В традиционной китайской экономике не существует фигуры, сравнимой по социальной значимости с японским banto, профессиональным менеджером, приглашенным из-за границы для ведения дел семьи. Даже мелкое семейное предприятие в Китае часто нуждается в привлечении наемной рабочей силы, но отношения между наемными служащими и семьей-владельцем/руководителем поддерживаются весьма отдаленные. Японское ощущение предприятия или компании как суррогата семьи здесь не существует. Наемные работники в Китае обычно стремятся обзавестись собственным семейным делом, а не задержаться в одной компании надолго. Сравнительные исследования в области менеджмента показали, что китайские руководители поддерживают дистанцию в отношениях между собой и со служащими. Чувства непринужденности, равенства и товарищества, возникающие, когда японский менеджер идет вечером посидеть в баре со своими подчиненными, не характерны для китайской культуры. Поездки, финансируемые компанией, когда весь офис — руководители и подчиненные — покидают Токио или Нагою и на несколько дней отправляются отдыхать за город, на природу, так характерные для японского бизнеса, невозможны в Китае так же, как и на Западе. В Гонконге или Тайбее в общем выезде за город, в совместных каникулах участвуют лишь члены семьи, люди, связанные родственными узами. Менеджеры-нечлены семьи не получают достойного вознаграждения и часто жалуются на непонимание при общении с хозяином. Более того, они крайне редко делают карьеру, так как член семьи всегда будет предпочтительней для назначения на важный пост.

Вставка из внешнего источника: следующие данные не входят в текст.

lemma pow_mat_mult_vec_ge:
  assumes B: "B \<in> carrier_mat n n" "nonneg_mat n B" and x: "x \<in> carrier_vec n"
    and a: "0 \<le> a" and ge: "a \<cdot>\<^sub>v x \<le> B *\<^sub>v x"
  shows "a ^ k \<cdot>\<^sub>v x \<le> B ^\<^sub>m k *\<^sub>v x"
proof (induction k)
  case 0
  show ?case using B(1) x by simp
next
  case (Suc k)
  have "a ^ Suc k \<cdot>\<^sub>v x = a \<cdot>\<^sub>v (a ^ k \<cdot>\<^sub>v x)"
    by (simp add: smult_smult_assoc)
  also have "\<dots> \<le> a \<cdot>\<^sub>v (B ^\<^sub>m k *\<^sub>v x)"
    using Suc x a by (intro smult_vec_mono[of _ n]) auto
  also have "\<dots> = B ^\<^sub>m k *\<^sub>v (a \<cdot>\<^sub>v x)"
    by (rule mult_mat_vec[OF pow_carrier_mat[OF B(1)] x, symmetric])
  also have "\<dots> \<le> B ^\<^sub>m k *\<^sub>v (B *\<^sub>v x)"
    using B x ge by (intro mult_mat_vec_mono[of _ n] nonneg_mat_pow) auto
  also have "\<dots> = B ^\<^sub>m Suc k *\<^sub>v x"
    using assoc_mult_mat_vec[OF pow_carrier_mat[OF B(1)] B(1) x, of k] by simp
  finally show ?case .
qed

lemma rho_nonneg:
  assumes "B \<in> carrier_mat n n" and "0 < n"
  shows "0 \<le> rho B"
  using spectral_radius_mem_max(1)[of "map_mat complex_of_real B" n] assms
  unfolding rho_def by auto

lemma eigenvalue_norm_le_rho:
  assumes "B \<in> carrier_mat n n" and "eigenvalue (map_mat complex_of_real B) \<mu>"
  shows "cmod \<mu> \<le> rho B"
proof -
  have "0 < n"
    using eigenvalue_imp_nonzero_dim[OF _ assms(2), of n] assms(1) by auto
  then show ?thesis
    unfolding rho_def using assms
    by (intro spectral_radius_mem_max(2)[of _ n]) (auto simp: spectrum_def)
qed

lemma rho_eigenvector:
  assumes "B \<in> carrier_mat n n" and "0 < n"
  obtains \<mu> y where "eigenvector (map_mat complex_of_real B) y \<mu>" and "cmod \<mu> = rho B"
  using spectral_radius_mem_max(1)[of "map_mat complex_of_real B" n] assms
  unfolding rho_def spectrum_def eigenvalue_def by auto

lemma rho_transpose:
  assumes "B \<in> carrier_mat n n"
  shows "rho (transpose_mat B) = rho B"
proof -
  let ?C = "map_mat complex_of_real B"
  have C: "?C \<in> carrier_mat n n" using assms by auto
  have "spectrum (transpose_mat ?C) = spectrum ?C"
    using spectrum_root_char_poly[OF C] spectrum_root_char_poly[of "transpose_mat ?C" n]
      char_poly_transpose_mat[OF C] C by auto
  then show ?thesis
    unfolding rho_def spectral_radius_def by (simp flip: map_mat_transpose)
qed

lemma rho_smult_le:
  assumes B: "B \<in> carrier_mat n n" and n: "0 < n" and c: "0 < c"
  shows "rho (c \<cdot>\<^sub>m B) \<le> c * rho B"
proof -
  let ?B = "map_mat complex_of_real B" and ?cB = "map_mat complex_of_real (c \<cdot>\<^sub>m B)"
  obtain \<mu> y where ev: "eigenvector ?cB y \<mu>" and \<mu>: "cmod \<mu> = rho (c \<cdot>\<^sub>m B)"
    using rho_eigenvector[OF smult_carrier_mat[OF B] n] by blast
  have y: "y \<in> carrier_vec n" "y \<noteq> 0\<^sub>v n" and eq: "?cB *\<^sub>v y = \<mu> \<cdot>\<^sub>v y"
    using ev B unfolding eigenvector_def by auto
  have "(?B *\<^sub>v y) $ i = (\<mu> / complex_of_real c) * y $ i" if i: "i < n" for i
  proof -
    have "complex_of_real c * (?B *\<^sub>v y) $ i = (?cB *\<^sub>v y) $ i"
      using B y(1) i
      by (simp add: mult_mat_vec_index_sum[of _ n] sum_distrib_left mult.assoc
          del: index_mult_mat_vec)
    also have "\<dots> = \<mu> * y $ i" using eq y(1) i by simp
    finally show ?thesis using c by (simp add: field_simps)
  qed
  then have "?B *\<^sub>v y = (\<mu> / complex_of_real c) \<cdot>\<^sub>v y"
    using B y(1) by (intro eq_vecI) auto
  then have "eigenvalue ?B (\<mu> / complex_of_real c)"
    using y B unfolding eigenvector_def eigenvalue_def by auto
  then have "cmod \<mu> / c \<le> rho B"
    using eigenvalue_norm_le_rho[OF B] c by (fastforce simp: norm_divide)
  with \<mu> c show ?thesis by (simp add: field_simps)
qed

lemma pow_bounded_if_rho_less_1:
  assumes B: "B \<in> carrier_mat n n" and rho: "rho B < 1"
  obtains K where "\<And>k i j. i < n \<Longrightarrow> j < n \<Longrightarrow> (B ^\<^sub>m k) $$ (i, j) \<le> K"
proof -
  obtain K where K: "\<And>k. norm_bound (map_mat complex_of_real B ^\<^sub>m k) K"
    using spectral_radius_jnf_norm_bound_less_1_upper_triangular[of "map_mat complex_of_real B" n]
      B rho unfolding rho_def by auto
  have "(B ^\<^sub>m k) $$ (i, j) \<le> K" if "i < n" "j < n" for k i j
  proof -
    have "map_mat complex_of_real B ^\<^sub>m k = map_mat complex_of_real (B ^\<^sub>m k)"
      by (rule of_real_hom.mat_hom_pow[OF B, symmetric])
    with K[of k] that B have "norm (complex_of_real ((B ^\<^sub>m k) $$ (i, j))) \<le> K"
      unfolding norm_bound_def by auto
    then show ?thesis by simp
  qed
  then show ?thesis by (rule that)
qed

section \<open>Collatz--Wielandt bounds\<close>

lemma rho_subinvariant_vector:
  assumes B: "B \<in> carrier_mat n n" "nonneg_mat n B" and n: "0 < n"
  obtains z where "z \<in> carrier_vec n" "0\<^sub>v n \<le> z" "z \<noteq> 0\<^sub>v n" "rho B \<cdot>\<^sub>v z \<le> B *\<^sub>v z"
proof -
  let ?B = "map_mat complex_of_real B"
  obtain \<mu> y where ev: "eigenvector ?B y \<mu>" and \<mu>: "cmod \<mu> = rho B"
    using rho_eigenvector[OF B(1) n] by blast
  have y: "y \<in> carrier_vec n" "y \<noteq> 0\<^sub>v n" and eq: "?B *\<^sub>v y = \<mu> \<cdot>\<^sub>v y"
    using ev B(1) unfolding eigenvector_def by auto
  define z where "z = vec n (\<lambda>j. cmod (y $ j))"
  have z: "z \<in> carrier_vec n" unfolding z_def by simp
  have "rho B * z $ i \<le> (B *\<^sub>v z) $ i" if i: "i < n" for i
  proof -
    have "rho B * z $ i = cmod ((?B *\<^sub>v y) $ i)"
      using eq y(1) i \<mu> by (simp add: z_def norm_mult)
    also have "\<dots> = cmod (\<Sum>j<n. complex_of_real (B $$ (i, j)) * y $ j)"
      using B(1) y(1) i by (simp add: mult_mat_vec_index_sum[of _ n] del: index_mult_mat_vec)
    also have "\<dots> \<le> (\<Sum>j<n. cmod (complex_of_real (B $$ (i, j)) * y $ j))"
      by (rule norm_sum)
    also have "\<dots> = (\<Sum>j<n. B $$ (i, j) * z $ j)"
      using nonneg_matD[OF B(2) i] by (intro sum.cong) (auto simp: z_def norm_mult)
    also have "\<dots> = (B *\<^sub>v z) $ i"
      using B(1) z i by (simp add: mult_mat_vec_index_sum del: index_mult_mat_vec)
    finally show ?thesis .
  qed
  then have "rho B \<cdot>\<^sub>v z \<le> B *\<^sub>v z"
    using B(1) z by (subst less_eq_vec_iff[of _ n]) auto
  moreover have "0\<^sub>v n \<le> z"
    using z by (simp add: less_eq_vec_iff[of _ n] z_def)
  moreover have "z \<noteq> 0\<^sub>v n"
  proof -
    obtain i where "i < n" "y $ i \<noteq> 0"
      using y by (metis carrier_vecD eq_vecI index_zero_vec)
    then have "z $ i \<noteq> 0\<^sub>v n $ i" by (simp add: z_def)
    then show ?thesis by metis
  qed
  ultimately show ?thesis using that z by blast
qed

lemma subinvariant_factor_le_1_if_rho_less_1:
  assumes B: "B \<in> carrier_mat n n" "nonneg_mat n B" and rho: "rho B < 1"
    and x: "x \<in> carrier_vec n" "0\<^sub>v n \<le> x" "x \<noteq> 0\<^sub>v n" and sub: "a \<cdot>\<^sub>v x \<le> B *\<^sub>v x"
  shows "a \<le> 1"
proof (rule ccontr)
  assume "\<not> a \<le> 1"
  obtain i0 where i0: "i0 < n" "0 < x $ i0"
    using nonneg_nonzero_vec_pos_entry[OF x(2,3)] .
  have x_nonneg: "\<And>j. j < n \<Longrightarrow> 0 \<le> x $ j"
    using x by (auto simp: less_eq_vec_iff[of _ n])
  obtain K where K: "\<And>k j. j < n \<Longrightarrow> (B ^\<^sub>m k) $$ (i0, j) \<le> K"
    using pow_bounded_if_rho_less_1[OF B(1) rho] i0(1) by metis
  have bounded: "a ^ k * x $ i0 \<le> K * (\<Sum>j<n. x $ j)" for k
  proof -
    have "a ^ k \<cdot>\<^sub>v x \<le> B ^\<^sub>m k *\<^sub>v x"
      using pow_mat_mult_vec_ge[OF B x(1) _ sub] \<open>\<not> a \<le> 1\<close> by simp
    then have "a ^ k * x $ i0 \<le> (B ^\<^sub>m k *\<^sub>v x) $ i0"
      using x(1) i0(1) by (auto simp: less_eq_vec_iff[of _ n])
    also have "\<dots> = (\<Sum>j<n. (B ^\<^sub>m k) $$ (i0, j) * x $ j)"
      using B(1) x(1) i0(1) by (simp add: mult_mat_vec_index_sum del: index_mult_mat_vec)
    also have "\<dots> \<le> (\<Sum>j<n. K * x $ j)"
      using K x_nonneg by (intro sum_mono mult_right_mono) auto
    finally show ?thesis by (simp add: sum_distrib_left)
  qed
  obtain k where "K * (\<Sum>j<n. x $ j) / x $ i0 < a ^ k"
    using real_arch_pow \<open>\<not> a \<le> 1\<close> by (metis not_le)
  with bounded[of k] i0(2) show False by (simp add: field_simps)
qed

lemma le_rho_if_subinvariant:
  assumes B: "B \<in> carrier_mat n n" "nonneg_mat n B"
    and x: "x \<in> carrier_vec n" "0\<^sub>v n \<le> x" "x \<noteq> 0\<^sub>v n" and sub: "r \<cdot>\<^sub>v x \<le> B *\<^sub>v x"
  shows "r \<le> rho B"
proof (rule ccontr)
  assume "\<not> r \<le> rho B"
  obtain i0 where "i0 < n" using nonneg_nonzero_vec_pos_entry[OF x(2,3)] by blast
  then have n: "0 < n" by simp
  have "0 \<le> rho B" by (rule rho_nonneg[OF B(1) n])
  \<comment> \<open>rescale so that the scaled spectral radius is below 1 while the factor exceeds 1\<close>
  define c where "c = 2 / (rho B + r)"
  have c: "0 < c" "1 < c * r" "c * rho B < 1"
    using \<open>0 \<le> rho B\<close> \<open>\<not> r \<le> rho B\<close> by (auto simp: c_def field_simps)
  have C: "c \<cdot>\<^sub>m B \<in> carrier_mat n n" "nonneg_mat n (c \<cdot>\<^sub>m B)"
    using B c(1) nonneg_mat_smult by auto
  have "rho (c \<cdot>\<^sub>m B) < 1" using rho_smult_le[OF B(1) n c(1)] c(3) by linarith
  moreover have "(c * r) \<cdot>\<^sub>v x \<le> (c \<cdot>\<^sub>m B) *\<^sub>v x"
  proof -
    have "(c * r) \<cdot>\<^sub>v x = c \<cdot>\<^sub>v (r \<cdot>\<^sub>v x)" by (simp add: smult_smult_assoc)
    also have "\<dots> \<le> c \<cdot>\<^sub>v (B *\<^sub>v x)" using sub x c(1) by (intro smult_vec_mono[of _ n]) auto
    finally show ?thesis using smult_mat_mult_vec[OF B(1) x(1)] by simp
  qed
  ultimately have "c * r \<le> 1"
    using subinvariant_factor_le_1_if_rho_less_1[OF C _ x] by blast
  with c(2) show False by simp
qed

lemma less_rho_if_strictly_subinvariant:
  assumes B: "B \<in> carrier_mat n n" "nonneg_mat n B" and n: "0 < n"
    and u: "u \<in> carrier_vec n" "\<And>i. i < n \<Longrightarrow> 0 < u $ i"
    and sub: "\<And>i. i < n \<Longrightarrow> r * u $ i < (B *\<^sub>v u) $ i"
  shows "r < rho B"
proof -
  define e where "e = Min ((\<lambda>i. ((B *\<^sub>v u) $ i - r * u $ i) / u $ i) ` {..<n})"
  have "0 < e"
    unfolding e_def using n u(2) sub by (subst Min_gr_iff) auto
  have e_le: "e \<le> ((B *\<^sub>v u) $ i - r * u $ i) / u $ i" if "i < n" for i
    unfolding e_def using that by (intro Min_le) auto
  have "(r + e) * u $ i \<le> (B *\<^sub>v u) $ i" if "i < n" for i
    using e_le[OF that] u(2)[OF that] by (simp add: pos_le_divide_eq algebra_simps)
  then have "(r + e) \<cdot>\<^sub>v u \<le> B *\<^sub>v u"
    using B(1) u(1) by (subst less_eq_vec_iff[of _ n]) auto
  moreover have "0\<^sub>v n \<le> u" "u \<noteq> 0\<^sub>v n"
    using u n by (auto simp: less_eq_vec_iff[of _ n] intro: less_imp_le)
  ultimately have "r + e \<le> rho B"
    using le_rho_if_subinvariant[OF B u(1)] by blast
  with \<open>0 < e\<close> show ?thesis by simp
qed

lemma rho_le_if_positive_superinvariant:
  assumes B: "B \<in> carrier_mat n n" "nonneg_mat n B" and n: "0 < n"
    and v: "v \<in> carrier_vec n" "\<And>i. i < n \<Longrightarrow> 0 < v $ i" and super: "B *\<^sub>v v \<le> s \<cdot>\<^sub>v v"
  shows "rho B \<le> s"
proof -
  obtain z where z: "z \<in> carrier_vec n" "0\<^sub>v n \<le> z" "z \<noteq> 0\<^sub>v n" "rho B \<cdot>\<^sub>v z \<le> B *\<^sub>v z"
    using rho_subinvariant_vector[OF B n] .
  \<comment> \<open>compare \<open>z\<close> with the smallest multiple \<open>t v\<close> dominating it, at an index where they touch\<close>
  define t where "t = Max ((\<lambda>i. z $ i / v $ i) ` {..<n})"
  have "t \<in> (\<lambda>i. z $ i / v $ i) ` {..<n}"
    unfolding t_def using n by (intro Max_in) auto
  then obtain i0 where i0: "i0 < n" "t = z $ i0 / v $ i0" by auto
  have z_le: "z $ j \<le> t * v $ j" if "j < n" for j
  proof -
    have "z $ j / v $ j \<le> t"
      unfolding t_def using that by (intro Max_ge) auto
    then show ?thesis using v(2)[OF that] by (simp add: pos_divide_le_eq)
  qed
  obtain j where j: "j < n" "0 < z $ j"
    using nonneg_nonzero_vec_pos_entry[OF z(2,3)] .
  have "0 < t * v $ j" using z_le[OF j(1)] j(2) by linarith
  then have "0 < t" using v(2)[OF j(1)] by (simp add: zero_less_mult_iff)
  have z_i0: "z $ i0 = t * v $ i0"
    using i0 v(2)[OF i0(1)] by simp
  then have "0 < z $ i0"
    using \<open>0 < t\<close> v(2)[OF i0(1)] by simp
  have "z \<le> t \<cdot>\<^sub>v v"
    using z(1) v(1) z_le by (subst less_eq_vec_iff[of _ n]) auto
  then have "B *\<^sub>v z \<le> B *\<^sub>v (t \<cdot>\<^sub>v v)"
    by (rule mult_mat_vec_mono[OF B z(1)])
  also have "\<dots> = t \<cdot>\<^sub>v (B *\<^sub>v v)"
    by (rule mult_mat_vec[OF B(1) v(1)])
  also have "\<dots> \<le> t \<cdot>\<^sub>v (s \<cdot>\<^sub>v v)"
    using super B(1) v(1) \<open>0 < t\<close> by (intro smult_vec_mono[of _ n]) auto
  finally have "rho B \<cdot>\<^sub>v z \<le> (t * s) \<cdot>\<^sub>v v"
    using z(4) by (simp add: smult_smult_assoc)
  then have "rho B * z $ i0 \<le> t * s * v $ i0"
    using z(1) v(1) i0(1) by (auto simp: less_eq_vec_iff[of _ n])
  then have "rho B * z $ i0 \<le> s * z $ i0"
    using z_i0 by (simp add: mult_ac)
  with \<open>0 < z $ i0\<close> show ?thesis by simp
qed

Другими словами, проблема семейственности, в которой Вебер и другие исследователи видели основную причину, тормозящую модернизацию, не исчезла из китайской экономической жизни, несмотря на заметное экономическое развитие китайского общества. Эта проблема укоренилась отчасти потому, что семья является главной ценностью в китайской культуре, но также и потому, что китайцы нашли возможность построить свою работу вокруг семьи. Основатели многих крупных китайских компаний решают эту проблему, посылая своих отпрысков на учебу в бизнес-школы Стэнфорда, Йеля и др. Другая альтернатива — заключение брака — обеспечивает вливание новых талантов из другой семьи. Существует множество примеров того, как сыновья, получившие медицинское или научное образование в Америке, вызываются домой для того, чтобы возглавить семейный бизнес. Но тут существуют некоторые ограничения, так как бизнес растет непропорционально росту семьи.
Серьезное влияние семейных ценностей ставит китайского потребителя перед дилеммами, нехарактерными для других стран. Рассмотрим следующее описание магазинов в Гонконге: «Покупатель — близкий родственник ждет, что продавец уступит ему товар по низкой цене, продавец же, наоборот, считает что родственник должен торговаться… Одна пожилая дама никогда не заходила в магазин, принадлежащий сыну ее сестры, так как считала себя обязанной что-либо там купить, даже если в магазине не было той вещи, за которой она пришла. Поэтому она предпочитала другие магазины, где она могла спокойно выбрать и купить именно то, что ей было нужно, уйти оттуда, если она ничего не нашла, и яростно торговаться, если нашла».
Стойкое недоверие к чужакам и предпочтение, отдаваемое в китайских обществах семейному менеджменту, отразилось в трех этапах развития китайского бизнеса. На первой стадии дело основывается предпринимателем, главой семейства, который ставит своих родственников на все руководящие посты и управляет компанией в авторитарной манере. Сплоченность китайской семьи отнюдь не означает, что внутри нее никогда не возникает никаких разногласий, но все споры решаются авторитетом главы семейства, а со стороны семья предстает единым фронтом. Так как многие китайские предприниматели начинали в бедности, вся семья работает, не покладая рук, на благо общего бизнеса. И, несмотря на существование наемных рабочих, существует весьма смутное разграничение между капиталом компании и семейным капиталом.
При первом поколении предпринимателей-руководителей, даже в случае процветания и развития компании, часто нет возможности перейти к современной системе управления, формальному распределению труда, к структурированному руководству, децентрализации. Компания по-прежнему остается высоко централизованной организацией, управление которой строится таким образом, что различные ее отделения подчиняются напрямую главе компании, т.е. ее основателю. Китайский стиль управления часто называют персоналистским. Вместо того чтобы полагаться на объективные показатели, решения принимаются на основании личных отношений босса с подчиненными, даже если они не его родственники.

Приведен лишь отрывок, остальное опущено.